TASK TO COMPLETE -
What follows is a set of records. Repeat every one of them exactly.

- - - - -

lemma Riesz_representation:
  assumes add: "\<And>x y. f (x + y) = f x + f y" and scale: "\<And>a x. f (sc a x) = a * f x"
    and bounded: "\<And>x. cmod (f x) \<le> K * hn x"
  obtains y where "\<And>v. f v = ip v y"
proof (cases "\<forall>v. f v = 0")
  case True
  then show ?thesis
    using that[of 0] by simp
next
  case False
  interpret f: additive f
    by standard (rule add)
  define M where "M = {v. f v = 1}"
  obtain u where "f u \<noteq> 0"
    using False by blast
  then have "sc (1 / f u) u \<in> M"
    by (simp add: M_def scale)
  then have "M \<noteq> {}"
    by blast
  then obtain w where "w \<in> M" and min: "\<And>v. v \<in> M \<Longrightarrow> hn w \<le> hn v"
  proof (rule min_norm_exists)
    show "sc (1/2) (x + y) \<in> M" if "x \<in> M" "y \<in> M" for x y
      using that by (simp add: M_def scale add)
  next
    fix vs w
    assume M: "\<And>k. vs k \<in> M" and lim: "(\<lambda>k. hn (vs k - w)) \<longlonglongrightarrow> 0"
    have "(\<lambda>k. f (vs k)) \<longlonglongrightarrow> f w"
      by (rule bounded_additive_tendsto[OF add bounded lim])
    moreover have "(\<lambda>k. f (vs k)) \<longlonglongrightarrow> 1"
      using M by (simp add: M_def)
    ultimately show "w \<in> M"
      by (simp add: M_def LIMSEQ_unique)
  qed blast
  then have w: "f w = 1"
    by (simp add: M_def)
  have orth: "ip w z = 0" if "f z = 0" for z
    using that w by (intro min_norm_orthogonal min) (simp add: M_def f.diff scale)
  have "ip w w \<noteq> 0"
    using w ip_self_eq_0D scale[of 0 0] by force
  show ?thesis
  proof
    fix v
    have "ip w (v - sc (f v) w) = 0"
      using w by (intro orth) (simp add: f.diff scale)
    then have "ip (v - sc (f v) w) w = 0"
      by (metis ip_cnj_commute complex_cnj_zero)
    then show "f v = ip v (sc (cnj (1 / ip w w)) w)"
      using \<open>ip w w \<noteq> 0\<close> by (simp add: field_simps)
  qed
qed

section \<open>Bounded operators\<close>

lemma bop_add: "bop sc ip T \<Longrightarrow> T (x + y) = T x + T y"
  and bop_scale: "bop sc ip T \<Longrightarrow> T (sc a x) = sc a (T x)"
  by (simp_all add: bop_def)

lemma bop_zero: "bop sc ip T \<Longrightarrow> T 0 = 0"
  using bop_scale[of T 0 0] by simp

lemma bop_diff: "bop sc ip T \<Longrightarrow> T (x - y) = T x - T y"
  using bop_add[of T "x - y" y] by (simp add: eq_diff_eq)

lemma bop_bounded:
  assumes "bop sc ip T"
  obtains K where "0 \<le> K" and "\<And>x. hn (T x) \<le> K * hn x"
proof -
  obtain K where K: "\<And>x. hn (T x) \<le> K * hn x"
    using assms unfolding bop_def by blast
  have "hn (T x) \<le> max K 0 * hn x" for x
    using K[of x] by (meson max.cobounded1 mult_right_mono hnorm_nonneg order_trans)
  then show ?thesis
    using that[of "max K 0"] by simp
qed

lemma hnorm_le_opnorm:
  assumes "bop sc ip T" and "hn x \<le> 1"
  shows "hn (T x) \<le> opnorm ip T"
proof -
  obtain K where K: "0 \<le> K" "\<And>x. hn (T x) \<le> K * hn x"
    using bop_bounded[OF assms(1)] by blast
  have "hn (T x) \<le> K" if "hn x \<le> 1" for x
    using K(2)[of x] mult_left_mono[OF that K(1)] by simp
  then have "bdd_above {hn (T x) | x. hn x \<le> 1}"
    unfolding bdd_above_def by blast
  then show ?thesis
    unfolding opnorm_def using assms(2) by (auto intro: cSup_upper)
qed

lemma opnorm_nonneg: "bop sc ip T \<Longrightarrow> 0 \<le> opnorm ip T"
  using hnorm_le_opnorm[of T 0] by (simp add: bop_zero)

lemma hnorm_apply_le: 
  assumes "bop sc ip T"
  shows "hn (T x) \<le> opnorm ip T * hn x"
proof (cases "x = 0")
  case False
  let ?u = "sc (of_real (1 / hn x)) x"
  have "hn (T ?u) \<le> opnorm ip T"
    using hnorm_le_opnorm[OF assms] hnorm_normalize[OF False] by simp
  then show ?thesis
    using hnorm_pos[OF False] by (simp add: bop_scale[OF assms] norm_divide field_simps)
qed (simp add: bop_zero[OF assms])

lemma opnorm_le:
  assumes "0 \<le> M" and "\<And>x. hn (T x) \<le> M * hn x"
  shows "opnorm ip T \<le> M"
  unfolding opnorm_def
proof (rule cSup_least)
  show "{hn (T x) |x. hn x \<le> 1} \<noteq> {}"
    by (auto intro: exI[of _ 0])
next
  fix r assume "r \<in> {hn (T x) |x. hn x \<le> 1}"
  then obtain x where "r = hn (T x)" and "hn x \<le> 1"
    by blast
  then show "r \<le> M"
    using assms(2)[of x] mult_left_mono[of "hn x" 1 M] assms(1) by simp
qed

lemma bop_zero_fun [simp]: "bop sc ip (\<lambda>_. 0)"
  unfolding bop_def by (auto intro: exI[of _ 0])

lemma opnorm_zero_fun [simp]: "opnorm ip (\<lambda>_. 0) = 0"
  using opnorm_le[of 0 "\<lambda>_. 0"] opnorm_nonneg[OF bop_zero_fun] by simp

- - - - -

YOUR SOLUTION -
lemma Riesz_representation:
  assumes add: "\<And>x y. f (x + y) = f x + f y" and scale: "\<And>a x. f (sc a x) = a * f x"
    and bounded: "\<And>x. cmod (f x) \<le> K * hn x"
  obtains y where "\<And>v. f v = ip v y"
proof (cases "\<forall>v. f v = 0")
  case True
  then show ?thesis
    using that[of 0] by simp
next
  case False
  interpret f: additive f
    by standard (rule add)
  define M where "M = {v. f v = 1}"
  obtain u where "f u \<noteq> 0"
    using False by blast
  then have "sc (1 / f u) u \<in> M"
    by (simp add: M_def scale)
  then have "M \<noteq> {}"
    by blast
  then obtain w where "w \<in> M" and min: "\<And>v. v \<in> M \<Longrightarrow> hn w \<le> hn v"
  proof (rule min_norm_exists)
    show "sc (1/2) (x + y) \<in> M" if "x \<in> M" "y \<in> M" for x y
      using that by (simp add: M_def scale add)
  next
    fix vs w
    assume M: "\<And>k. vs k \<in> M" and lim: "(\<lambda>k. hn (vs k - w)) \<longlonglongrightarrow> 0"
    have "(\<lambda>k. f (vs k)) \<longlonglongrightarrow> f w"
      by (rule bounded_additive_tendsto[OF add bounded lim])
    moreover have "(\<lambda>k. f (vs k)) \<longlonglongrightarrow> 1"
      using M by (simp add: M_def)
    ultimately show "w \<in> M"
      by (simp add: M_def LIMSEQ_unique)
  qed blast
  then have w: "f w = 1"
    by (simp add: M_def)
  have orth: "ip w z = 0" if "f z = 0" for z
    using that w by (intro min_norm_orthogonal min) (simp add: M_def f.diff scale)
  have "ip w w \<noteq> 0"
    using w ip_self_eq_0D scale[of 0 0] by force
  show ?thesis
  proof
    fix v
    have "ip w (v - sc (f v) w) = 0"
      using w by (intro orth) (simp add: f.diff scale)
    then have "ip (v - sc (f v) w) w = 0"
      by (metis ip_cnj_commute complex_cnj_zero)
    then show "f v = ip v (sc (cnj (1 / ip w w)) w)"
      using \<open>ip w w \<noteq> 0\<close> by (simp add: field_simps)
  qed
qed

section \<open>Bounded operators\<close>

lemma bop_add: "bop sc ip T \<Longrightarrow> T (x + y) = T x + T y"
  and bop_scale: "bop sc ip T \<Longrightarrow> T (sc a x) = sc a (T x)"
  by (simp_all add: bop_def)

lemma bop_zero: "bop sc ip T \<Longrightarrow> T 0 = 0"
  using bop_scale[of T 0 0] by simp

lemma bop_diff: "bop sc ip T \<Longrightarrow> T (x - y) = T x - T y"
  using bop_add[of T "x - y" y] by (simp add: eq_diff_eq)

lemma bop_bounded:
  assumes "bop sc ip T"
  obtains K where "0 \<le> K" and "\<And>x. hn (T x) \<le> K * hn x"
proof -
  obtain K where K: "\<And>x. hn (T x) \<le> K * hn x"
    using assms unfolding bop_def by blast
  have "hn (T x) \<le> max K 0 * hn x" for x
    using K[of x] by (meson max.cobounded1 mult_right_mono hnorm_nonneg order_trans)
  then show ?thesis
    using that[of "max K 0"] by simp
qed

lemma hnorm_le_opnorm:
  assumes "bop sc ip T" and "hn x \<le> 1"
  shows "hn (T x) \<le> opnorm ip T"
proof -
  obtain K where K: "0 \<le> K" "\<And>x. hn (T x) \<le> K * hn x"
    using bop_bounded[OF assms(1)] by blast
  have "hn (T x) \<le> K" if "hn x \<le> 1" for x
    using K(2)[of x] mult_left_mono[OF that K(1)] by simp
  then have "bdd_above {hn (T x) | x. hn x \<le> 1}"
    unfolding bdd_above_def by blast
  then show ?thesis
    unfolding opnorm_def using assms(2) by (auto intro: cSup_upper)
qed

lemma opnorm_nonneg: "bop sc ip T \<Longrightarrow> 0 \<le> opnorm ip T"
  using hnorm_le_opnorm[of T 0] by (simp add: bop_zero)

lemma hnorm_apply_le: 
  assumes "bop sc ip T"
  shows "hn (T x) \<le> opnorm ip T * hn x"
proof (cases "x = 0")
  case False
  let ?u = "sc (of_real (1 / hn x)) x"
  have "hn (T ?u) \<le> opnorm ip T"
    using hnorm_le_opnorm[OF assms] hnorm_normalize[OF False] by simp
  then show ?thesis
    using hnorm_pos[OF False] by (simp add: bop_scale[OF assms] norm_divide field_simps)
qed (simp add: bop_zero[OF assms])

lemma opnorm_le:
  assumes "0 \<le> M" and "\<And>x. hn (T x) \<le> M * hn x"
  shows "opnorm ip T \<le> M"
  unfolding opnorm_def
proof (rule cSup_least)
  show "{hn (T x) |x. hn x \<le> 1} \<noteq> {}"
    by (auto intro: exI[of _ 0])
next
  fix r assume "r \<in> {hn (T x) |x. hn x \<le> 1}"
  then obtain x where "r = hn (T x)" and "hn x \<le> 1"
    by blast
  then show "r \<le> M"
    using assms(2)[of x] mult_left_mono[of "hn x" 1 M] assms(1) by simp
qed

lemma bop_zero_fun [simp]: "bop sc ip (\<lambda>_. 0)"
  unfolding bop_def by (auto intro: exI[of _ 0])

lemma opnorm_zero_fun [simp]: "opnorm ip (\<lambda>_. 0) = 0"
  using opnorm_le[of 0 "\<lambda>_. 0"] opnorm_nonneg[OF bop_zero_fun] by simp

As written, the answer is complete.